Saved entries:
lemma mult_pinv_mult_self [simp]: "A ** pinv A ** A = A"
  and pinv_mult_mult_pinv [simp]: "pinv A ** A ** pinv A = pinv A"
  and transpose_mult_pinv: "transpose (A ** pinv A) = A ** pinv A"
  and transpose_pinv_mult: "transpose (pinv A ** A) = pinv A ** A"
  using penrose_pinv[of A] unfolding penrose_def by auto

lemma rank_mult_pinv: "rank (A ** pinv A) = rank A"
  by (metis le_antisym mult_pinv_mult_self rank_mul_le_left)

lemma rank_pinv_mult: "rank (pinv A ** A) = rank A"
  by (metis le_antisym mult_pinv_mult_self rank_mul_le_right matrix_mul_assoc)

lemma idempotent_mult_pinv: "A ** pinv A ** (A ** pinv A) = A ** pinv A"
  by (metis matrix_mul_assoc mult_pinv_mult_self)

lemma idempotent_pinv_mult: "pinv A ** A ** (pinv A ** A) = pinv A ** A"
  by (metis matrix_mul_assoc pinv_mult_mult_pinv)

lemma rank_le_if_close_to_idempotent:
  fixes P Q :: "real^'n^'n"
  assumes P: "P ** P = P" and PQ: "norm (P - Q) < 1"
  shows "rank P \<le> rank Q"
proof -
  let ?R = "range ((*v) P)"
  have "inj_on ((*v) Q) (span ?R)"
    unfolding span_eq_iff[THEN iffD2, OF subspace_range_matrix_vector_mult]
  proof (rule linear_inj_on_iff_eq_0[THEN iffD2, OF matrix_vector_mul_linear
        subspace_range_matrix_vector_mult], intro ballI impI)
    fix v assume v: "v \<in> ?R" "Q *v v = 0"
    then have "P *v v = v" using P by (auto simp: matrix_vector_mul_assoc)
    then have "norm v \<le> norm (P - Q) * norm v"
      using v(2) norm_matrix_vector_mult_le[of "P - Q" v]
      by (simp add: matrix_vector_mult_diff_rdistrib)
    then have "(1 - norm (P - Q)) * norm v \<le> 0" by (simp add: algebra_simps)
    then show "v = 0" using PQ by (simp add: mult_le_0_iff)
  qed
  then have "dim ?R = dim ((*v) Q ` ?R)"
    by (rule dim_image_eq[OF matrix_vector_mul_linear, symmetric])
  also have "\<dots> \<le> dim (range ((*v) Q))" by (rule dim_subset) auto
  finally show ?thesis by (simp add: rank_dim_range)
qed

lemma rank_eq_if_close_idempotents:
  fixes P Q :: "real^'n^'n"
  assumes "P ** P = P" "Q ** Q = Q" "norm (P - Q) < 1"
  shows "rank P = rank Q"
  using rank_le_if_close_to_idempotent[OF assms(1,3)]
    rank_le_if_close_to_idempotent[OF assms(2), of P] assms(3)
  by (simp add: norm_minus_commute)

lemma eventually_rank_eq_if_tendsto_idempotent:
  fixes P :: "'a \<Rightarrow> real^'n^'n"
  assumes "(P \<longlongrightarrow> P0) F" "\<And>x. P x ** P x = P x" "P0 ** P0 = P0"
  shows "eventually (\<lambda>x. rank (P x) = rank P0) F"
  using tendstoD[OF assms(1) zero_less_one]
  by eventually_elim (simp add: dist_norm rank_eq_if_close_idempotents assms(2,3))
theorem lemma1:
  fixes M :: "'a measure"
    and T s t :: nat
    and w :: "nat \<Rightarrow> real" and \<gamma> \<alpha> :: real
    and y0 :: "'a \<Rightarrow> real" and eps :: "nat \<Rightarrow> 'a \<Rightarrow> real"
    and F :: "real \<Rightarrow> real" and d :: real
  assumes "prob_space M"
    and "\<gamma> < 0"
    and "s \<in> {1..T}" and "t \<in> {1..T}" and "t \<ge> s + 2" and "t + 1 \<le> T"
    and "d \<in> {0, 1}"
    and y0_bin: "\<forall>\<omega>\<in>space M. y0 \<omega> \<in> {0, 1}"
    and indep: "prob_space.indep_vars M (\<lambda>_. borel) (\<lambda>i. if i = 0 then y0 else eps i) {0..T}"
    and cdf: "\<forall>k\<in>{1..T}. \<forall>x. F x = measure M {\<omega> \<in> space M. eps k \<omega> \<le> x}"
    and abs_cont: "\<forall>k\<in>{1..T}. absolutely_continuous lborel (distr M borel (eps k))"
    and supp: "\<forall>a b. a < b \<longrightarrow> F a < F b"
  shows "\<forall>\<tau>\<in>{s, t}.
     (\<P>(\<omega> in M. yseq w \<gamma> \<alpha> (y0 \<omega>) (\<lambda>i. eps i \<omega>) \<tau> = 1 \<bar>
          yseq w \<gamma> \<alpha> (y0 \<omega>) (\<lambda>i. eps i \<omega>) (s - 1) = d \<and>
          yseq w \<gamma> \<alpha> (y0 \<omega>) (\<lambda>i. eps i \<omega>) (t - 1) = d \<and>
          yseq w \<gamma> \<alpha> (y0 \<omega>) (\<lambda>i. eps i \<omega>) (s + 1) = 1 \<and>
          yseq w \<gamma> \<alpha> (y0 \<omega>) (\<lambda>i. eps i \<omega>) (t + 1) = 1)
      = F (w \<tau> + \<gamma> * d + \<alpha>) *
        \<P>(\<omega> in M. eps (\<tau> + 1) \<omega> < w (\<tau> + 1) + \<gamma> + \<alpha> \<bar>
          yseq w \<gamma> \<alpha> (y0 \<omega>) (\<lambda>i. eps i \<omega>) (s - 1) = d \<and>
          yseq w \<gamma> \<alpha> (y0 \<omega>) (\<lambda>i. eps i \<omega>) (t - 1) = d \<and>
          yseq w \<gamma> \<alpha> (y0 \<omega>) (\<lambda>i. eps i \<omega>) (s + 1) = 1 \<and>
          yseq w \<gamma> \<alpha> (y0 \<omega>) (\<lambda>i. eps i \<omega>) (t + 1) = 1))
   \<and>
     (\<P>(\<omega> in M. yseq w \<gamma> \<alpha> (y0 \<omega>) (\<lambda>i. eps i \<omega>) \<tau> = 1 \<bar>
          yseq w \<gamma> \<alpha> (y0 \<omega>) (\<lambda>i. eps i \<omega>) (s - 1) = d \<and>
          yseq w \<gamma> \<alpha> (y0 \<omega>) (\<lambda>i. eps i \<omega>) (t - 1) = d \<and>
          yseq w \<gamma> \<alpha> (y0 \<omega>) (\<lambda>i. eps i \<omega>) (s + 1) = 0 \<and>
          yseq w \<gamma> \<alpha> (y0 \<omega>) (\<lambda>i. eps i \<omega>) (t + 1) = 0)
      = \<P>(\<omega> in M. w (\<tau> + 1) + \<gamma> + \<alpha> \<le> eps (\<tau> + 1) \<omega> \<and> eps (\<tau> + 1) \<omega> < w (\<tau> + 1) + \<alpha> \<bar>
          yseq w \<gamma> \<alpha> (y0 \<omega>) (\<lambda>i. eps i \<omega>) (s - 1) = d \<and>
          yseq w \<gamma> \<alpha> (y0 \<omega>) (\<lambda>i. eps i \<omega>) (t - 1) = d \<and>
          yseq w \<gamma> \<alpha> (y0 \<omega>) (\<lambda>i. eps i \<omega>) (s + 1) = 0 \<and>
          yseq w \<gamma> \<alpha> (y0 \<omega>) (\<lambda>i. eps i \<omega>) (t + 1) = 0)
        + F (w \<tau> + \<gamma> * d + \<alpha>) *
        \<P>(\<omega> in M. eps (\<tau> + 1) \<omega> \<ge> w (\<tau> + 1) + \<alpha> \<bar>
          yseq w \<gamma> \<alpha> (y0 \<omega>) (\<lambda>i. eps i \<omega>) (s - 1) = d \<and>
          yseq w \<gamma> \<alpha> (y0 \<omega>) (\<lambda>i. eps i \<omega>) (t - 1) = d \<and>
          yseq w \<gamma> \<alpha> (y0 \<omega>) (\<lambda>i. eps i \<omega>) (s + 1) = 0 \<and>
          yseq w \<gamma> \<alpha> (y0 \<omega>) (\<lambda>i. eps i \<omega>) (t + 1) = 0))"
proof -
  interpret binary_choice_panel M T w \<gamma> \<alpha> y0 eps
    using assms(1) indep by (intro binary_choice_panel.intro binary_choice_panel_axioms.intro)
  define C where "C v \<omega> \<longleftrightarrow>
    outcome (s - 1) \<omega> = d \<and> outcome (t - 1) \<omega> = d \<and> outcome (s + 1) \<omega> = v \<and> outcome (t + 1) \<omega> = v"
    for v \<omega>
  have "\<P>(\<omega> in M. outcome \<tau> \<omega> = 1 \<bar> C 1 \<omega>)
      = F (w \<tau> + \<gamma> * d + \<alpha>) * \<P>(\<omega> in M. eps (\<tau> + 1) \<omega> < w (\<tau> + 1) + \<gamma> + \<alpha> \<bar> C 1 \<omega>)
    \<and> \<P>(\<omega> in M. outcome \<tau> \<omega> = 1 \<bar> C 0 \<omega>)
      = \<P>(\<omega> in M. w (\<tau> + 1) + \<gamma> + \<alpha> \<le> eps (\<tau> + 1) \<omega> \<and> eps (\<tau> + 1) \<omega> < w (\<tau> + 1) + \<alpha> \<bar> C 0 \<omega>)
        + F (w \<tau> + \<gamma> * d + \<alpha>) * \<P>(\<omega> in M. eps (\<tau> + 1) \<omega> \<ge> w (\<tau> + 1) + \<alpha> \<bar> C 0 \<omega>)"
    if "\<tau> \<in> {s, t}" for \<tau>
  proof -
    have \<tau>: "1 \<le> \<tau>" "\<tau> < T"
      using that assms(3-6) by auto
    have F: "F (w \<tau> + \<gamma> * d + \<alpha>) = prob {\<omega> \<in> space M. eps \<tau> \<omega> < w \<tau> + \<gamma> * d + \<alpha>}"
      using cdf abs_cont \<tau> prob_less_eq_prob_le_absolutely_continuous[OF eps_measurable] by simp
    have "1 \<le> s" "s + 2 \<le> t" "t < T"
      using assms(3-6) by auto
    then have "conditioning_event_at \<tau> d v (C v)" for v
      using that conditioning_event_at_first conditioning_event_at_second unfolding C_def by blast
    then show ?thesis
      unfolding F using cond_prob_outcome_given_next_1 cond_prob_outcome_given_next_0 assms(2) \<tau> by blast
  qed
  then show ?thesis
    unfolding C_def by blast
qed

WORK TASK: Between the first line of the entries above and the line with "by (metis le_antisym mult_pinv_mult_self rank_mul_le_left)", both included, copy every line exactly and nothing outside that range.

ANSWER FOR THE TASK:
lemma mult_pinv_mult_self [simp]: "A ** pinv A ** A = A"
  and pinv_mult_mult_pinv [simp]: "pinv A ** A ** pinv A = pinv A"
  and transpose_mult_pinv: "transpose (A ** pinv A) = A ** pinv A"
  and transpose_pinv_mult: "transpose (pinv A ** A) = pinv A ** A"
  using penrose_pinv[of A] unfolding penrose_def by auto

lemma rank_mult_pinv: "rank (A ** pinv A) = rank A"
  by (metis le_antisym mult_pinv_mult_self rank_mul_le_left)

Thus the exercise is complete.